1. When you are a hermit, no one comes to your house, so they don't see the cat hair on the couch or the drips of spaghetti sauce on the stove top or the crumbs on the counter and think "TSK. Doesn't she ever tidy this place?"
2. When you are a hermit, you don't see anyone, so they don't look at your clothes and your hair and think "TSK. There's a stain on the collar of his shirt. And his hair is much too long. Would it kill him to get a haircut?"
3. When you are a hermit, you don't interact with anyone, so you don't have to be afraid of accidentally offending someone or hurting someone's feelings, as if you were some sort of lumbering cave troll who backs into someone's favorite heirloom vase and sends it tumbling to its doom.

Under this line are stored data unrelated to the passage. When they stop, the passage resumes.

(* Let $\mathcal{A}$ be an associative algebra with unit $I$, and let $w_n,\tilde w_n$ ($n\ge 1$) be $\mathcal{A}$-valued differentiable functions of $\mathbf{t}_o=(t_1,t_3,t_5,\ldots)$. Put $w(\mathbf{t}_o,z)=I+\sum_{n\ge1}w_n(\mathbf{t}_o)z^{-n}$, $\tilde w(\mathbf{t}_o,z)=I+\sum_{n\ge1}\tilde w_n(\mathbf{t}_o)z^{-n}$, $\tilde\xi(\mathbf{t}_o,z)=\sum_{n\ge1}t_{2n-1}z^{2n-1}$, $\psi(\mathbf{t}_o,z)=w(\mathbf{t}_o,z)e^{\tilde\xi(\mathbf{t}_o,z)}$, $\tilde\psi(\mathbf{t}_o,z)=\tilde w(\mathbf{t}_o,z)e^{-\tilde\xi(\mathbf{t}_o,z)}$, and suppose the bilinear identity $$\mathrm{res}_z\big[\psi(\mathbf{s}_o,z)\,\tilde\psi(\mathbf{t}_o,z)\big]=0$$ holds for all $\mathbf{s}_o,\mathbf{t}_o$. Define $\phi:=-w_1$ and $\tilde\theta$ by $w_2=-\tilde\theta+\frac12(\phi_{t_1}+\phi^2)$, and let $F(\lambda):=I-\frac{\lambda}{2}(\phi_{2[\lambda]}-\phi)$. Then, with $\psi=\psi(\mathbf{t}_o,z)$ and $z,\lambda$ indeterminates, $$\frac1\lambda F(\lambda)(\psi_{2[\lambda]}-\psi)-(\psi_{2[\lambda]}+\psi)_{t_1}=\frac{\lambda}{2}\Big(\tilde\theta_{2[\lambda]}-\tilde\theta+\frac12(\phi_{2[\lambda]}-\phi)_{t_1}-\frac12[\phi,\phi_{2[\lambda]}]\Big)F(\lambda)^{-1}(\psi_{2[\lambda]}+\psi).$$
   Context: For a formal series $f(z)=\sum_n f_nz^{-n}$, $\mathrm{res}_z f$ denotes the coefficient $f_1$. Miwa shift notation: $f_{[\lambda]}(\mathbf{t}_o)=f(\mathbf{t}_o+[\lambda])$ with $[\lambda]=(\lambda,\lambda^3/3,\lambda^5/5,\ldots)$, and $f_{2[\lambda]}(\mathbf{t}_o)=f(\mathbf{t}_o+2[\lambda])$; all identities in $\lambda$ are understood as identities of formal power series. $[\,\cdot,\cdot\,]$ is the commutator, and subscript $t_1$ denotes the partial derivative with respect to $t_1$. *)

theory Defs
  imports "HOL-Computational_Algebra.Formal_Power_Series"
          "HOL-Computational_Algebra.Formal_Laurent_Series"
begin

(* The A-valued differentiable functions of t_o = (t_1,t_3,t_5,...) form a (noncommutative)
   real associative algebra 'r with unit (the constant function I).  The partial derivatives
   d/dt_(2k+1) are given by a family D k (k = 0,1,2,...; D 0 = d/dt_1): real-linear,
   Leibniz, pairwise commuting operators. *)

definition odd_time_derivations :: "(nat \<Rightarrow> 'r::real_algebra_1 \<Rightarrow> 'r) \<Rightarrow> bool" where
  "odd_time_derivations D \<longleftrightarrow>
     (\<forall>k x y. D k (x + y) = D k x + D k y) \<and>
     (\<forall>k c x. D k (c *\<^sub>R x) = c *\<^sub>R D k x) \<and>
     (\<forall>k x y. D k (x * y) = D k x * y + x * D k y) \<and>
     (\<forall>j k x. D j (D k x) = D k (D j x))"

(* Miwa shift f_{2[lambda]} = f(t_o + 2[lambda]) as a formal power series in lambda (Taylor
   expansion).  Its coefficients S_n f are determined by S_0 f = f and the chain rule
     d/dlambda f(t+2[lambda]) = sum_k 2 lambda^(2k) (d f/dt_(2k+1))(t+2[lambda]),
   i.e. (n+1) S_(n+1) f = sum_{2k <= n} 2 S_(n-2k) (D k f). *)
fun miwa2_coeff :: "(nat \<Rightarrow> 'r::real_algebra_1 \<Rightarrow> 'r) \<Rightarrow> nat \<Rightarrow> 'r \<Rightarrow> 'r" where
  "miwa2_coeff D 0 f = f"
| "miwa2_coeff D (Suc n) f =
     (1 / real (Suc n)) *\<^sub>R (\<Sum>k\<le>n div 2. 2 *\<^sub>R miwa2_coeff D (n - 2 * k) (D k f))"

definition miwa2 :: "(nat \<Rightarrow> 'r::real_algebra_1 \<Rightarrow> 'r) \<Rightarrow> 'r \<Rightarrow> 'r fps" where
  "miwa2 D f = Abs_fps (\<lambda>n. miwa2_coeff D n f)"

definition fps_cmap :: "('a \<Rightarrow> 'b) \<Rightarrow> 'a fps \<Rightarrow> 'b fps" where
  "fps_cmap g F = Abs_fps (\<lambda>n. g (fps_nth F n))"

definition fls_cmap :: "('a::zero \<Rightarrow> 'b::zero) \<Rightarrow> 'a fls \<Rightarrow> 'b fls" where
  "fls_cmap g F = Abs_fls (\<lambda>n. g (fls_nth F n))"

definition ring_inverse :: "'a::monoid_mult \<Rightarrow> 'a" where
  "ring_inverse x = (THE y. x * y = 1 \<and> y * x = 1)"

(* Formal series in z:  an element of 'r fls in the variable zeta = z^{-1}, so
   z^{-n} = fls_X^n, z = fls_X_inv and res_z f = coefficient of z^{-1} = fls_nth f 1. *)
definition res_z :: "'a::zero fls \<Rightarrow> 'a" where
  "res_z f = fls_nth f 1"

definition dressing :: "(nat \<Rightarrow> 'r::ring_1) \<Rightarrow> 'r fls" where
  "dressing w = fps_to_fls (Abs_fps (\<lambda>n. if n = 0 then 1 else w n))"

(* Wave functions psi = W e^{xi~(t_o,z)} are represented by their factor W; the factor
   e^{xi~(t_o,z)} is a scalar (central) and d/dt_(2k+1) e^{xi~} = z^(2k+1) e^{xi~}, so
     d/dt_(2k+1) (W e^{xi~}) = (D k W + z^(2k+1) W) e^{xi~}. *)
definition wave_deriv :: "(nat \<Rightarrow> 'r::real_algebra_1 \<Rightarrow> 'r) \<Rightarrow> nat \<Rightarrow> 'r fls \<Rightarrow> 'r fls" where
  "wave_deriv D k W = fls_cmap (D k) W + fls_X_inv ^ (2 * k + 1) * W"

(* The same, for wave functions depending on lambda ((fls-valued) power series in lambda),
   for the t_1 derivative. *)
definition wave_t1 :: "(nat \<Rightarrow> 'r::real_algebra_1 \<Rightarrow> 'r) \<Rightarrow> 'r fls fps \<Rightarrow> 'r fls fps" where
  "wave_t1 D P = fps_cmap (wave_deriv D 0) P"

(* e^{xi~(2[lambda],z)} = exp(sum_{n odd} (2/n) (lambda z)^n) as a power series in lambda
   with coefficients in the z-series; note xi~(t_o+2[lambda],z) = xi~(t_o,z) + xi~(2[lambda],z). *)
definition miwa2_exp_coeffs :: "real fps" where
  "miwa2_exp_coeffs = fps_compose (fps_exp 1) (Abs_fps (\<lambda>n. if odd n then 2 / real n else 0))"

definition exp_xi_miwa2 :: "'r::real_algebra_1 fls fps" where
  "exp_xi_miwa2 = Abs_fps (\<lambda>n. fls_const (of_real (fps_nth miwa2_exp_coeffs n)) * fls_X_inv ^ n)"

(* psi_{2[lambda]} = w(t_o+2[lambda],z) e^{xi~(t_o+2[lambda],z)}, represented (after the
   central factor e^{xi~(t_o,z)}) by  (coefficientwise Miwa shift of w) * e^{xi~(2[lambda],z)}. *)
definition wave_miwa2 :: "(nat \<Rightarrow> 'r::real_algebra_1 \<Rightarrow> 'r) \<Rightarrow> (nat \<Rightarrow> 'r) \<Rightarrow> 'r fls fps" where
  "wave_miwa2 D w =
     Abs_fps (\<lambda>m. fps_to_fls (Abs_fps (\<lambda>n. miwa2_coeff D m (if n = 0 then 1 else w n))))
     * exp_xi_miwa2"

definition lift_fps :: "'r::zero fps \<Rightarrow> 'r fls fps" where
  "lift_fps F = fps_cmap fls_const F"

end

theory Submission
  imports Defs
begin

text \<open>
  The Miwa shift \<open>\<psi>(t + 2[\<lambda>])\<close> is the Taylor series of \<open>\<psi>\<close> along the odd-time flows, so its
  coefficient of \<open>\<lambda>^n\<close> is built from \<open>\<psi>\<close> by the derivatives \<open>\<partial>/\<partial>t_(2k+1)\<close> and multiplication by
  functions of the times. Hence every \<open>\<lambda>\<close>-coefficient of the difference \<open>\<Phi>\<close> of the two sides again
  satisfies the bilinear identity. A solution of the bilinear identity without nonnegative powers of
  \<open>z\<close> vanishes: differentiating in \<open>t_1\<close> lowers its leading term \<open>z^-d\<close> to \<open>z^-1\<close>, whose coefficient is
  the residue in the identity. Multiplication by \<open>1 - \<lambda>z\<close> turns \<open>e^\<xi>(2[\<lambda>],z)\<close> into \<open>1 + \<lambda>z\<close>, so the
  nonnegative powers of \<open>z\<close> in \<open>(1 - \<lambda>z) \<Phi>\<close> only involve \<open>w_1\<close> and \<open>w_2\<close>, and there they cancel by the
  choice of \<open>\<phi>\<close>, \<open>\<theta>\<close> and \<open>F\<close>. Induction on the \<open>\<lambda>\<close>-degree gives \<open>\<Phi> = 0\<close>.
\<close>

unbundle fps_syntax
notation fls_nth (infixl \<open>$$\<close> 75)

section \<open>Laurent series over a real algebra\<close>

text \<open>Declared first so that the arity \<open>(real_algebra_1) ring_char_0\<close> implied by the instance
  below does not clash with the library's \<open>(field_char_0) ring_char_0\<close>.\<close>

instance fls :: (ring_char_0) ring_char_0 ..

instantiation fls :: (real_algebra_1) real_algebra_1
begin

definition scaleR_fls :: "real \<Rightarrow> 'a fls \<Rightarrow> 'a fls" where
  "c *\<^sub>R f = fls_const (of_real c) * f"

lemma fls_scaleR_nth [simp]: "(c *\<^sub>R f) $$ n = c *\<^sub>R (f $$ n)"
  by (simp add: scaleR_fls_def scaleR_conv_of_real)

instance
proof
  fix a b :: real and x y :: "'a fls"
  show "a *\<^sub>R (x + y) = a *\<^sub>R x + a *\<^sub>R y"
    by (rule fls_eqI) (simp add: scaleR_add_right)
  show "(a + b) *\<^sub>R x = a *\<^sub>R x + b *\<^sub>R x"
    by (rule fls_eqI) (simp add: scaleR_add_left)
  show "a *\<^sub>R b *\<^sub>R x = (a * b) *\<^sub>R x"
    by (rule fls_eqI) simp
  show "1 *\<^sub>R x = x"
    by (rule fls_eqI) simp
  show "a *\<^sub>R x * y = a *\<^sub>R (x * y)"
    by (simp add: scaleR_fls_def mult.assoc)
  show "x * a *\<^sub>R y = a *\<^sub>R (x * y)"
  proof -
    have "x * fls_const (of_real a) = fls_const (of_real a) * x"
      by (rule fls_eqI) (simp add: of_real_def)
    then show ?thesis
      by (simp add: scaleR_fls_def flip: mult.assoc)
  qed
qed

end

lemma fls_cmap_nth: "g 0 = 0 \<Longrightarrow> fls_cmap g f $$ n = g (f $$ n)"
  unfolding fls_cmap_def
proof (rule nth_Abs_fls)
  assume "g 0 = 0"
  have "\<forall>\<^sub>\<infinity>n. f $$ - int n = 0"
    by simp
  then show "\<forall>\<^sub>\<infinity>n. g (f $$ - int n) = 0"
    by (rule MOST_mono) (simp add: \<open>g 0 = 0\<close>)
qed

lemma linear_fls_cmap: "linear g \<Longrightarrow> linear (fls_cmap g)"
  by (auto intro!: linearI fls_eqI simp: fls_cmap_nth linear_0 linear_add linear_scale)

lemma fls_cmap_X_inv_power_mult:
  "g 0 = 0 \<Longrightarrow> fls_cmap g (fls_X_inv ^ j * f) = fls_X_inv ^ j * fls_cmap g (f :: 'a::ring_1 fls)"
  by (rule fls_eqI) (simp add: fls_cmap_nth fls_X_inv_power_times_conv_shift)

lemma linear_X_inv_power_mult: "linear (\<lambda>f. fls_X_inv ^ j * (f :: 'a::real_algebra_1 fls))"
  by (simp add: linear_iff distrib_left)

lemma fls_X_inv_power_commute: "f * fls_X_inv ^ j = fls_X_inv ^ j * (f :: 'a::ring_1 fls)"
  by (simp add: fls_X_inv_power_times_conv_shift)

lemma fps_cmap_nth [simp]: "fps_cmap g f $ n = g (f $ n)"
  by (simp add: fps_cmap_def)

4. When you are a hermit, you don't tell anyone what you do, so you can spend your time as you really honestly like. If you feel gardening that day, you can spend the whole day covered in dirt. If you feel like sitting in the sun reading a book, you can do that without someone thinking, "What a lazy bum. Doesn't she know there is grass to be mown, weeds to be pulled, leaves to be raked and plants to be watered?"
When you are a hermit, you are insulated from judgment. Sure, the people in the town 40 miles away, where you go to get supplies think, "Strange old duck. Half the marbles have rolled away," but they only think that on the day you go into town, every 3 months or so. And the rest of the time, you're free to be yourself.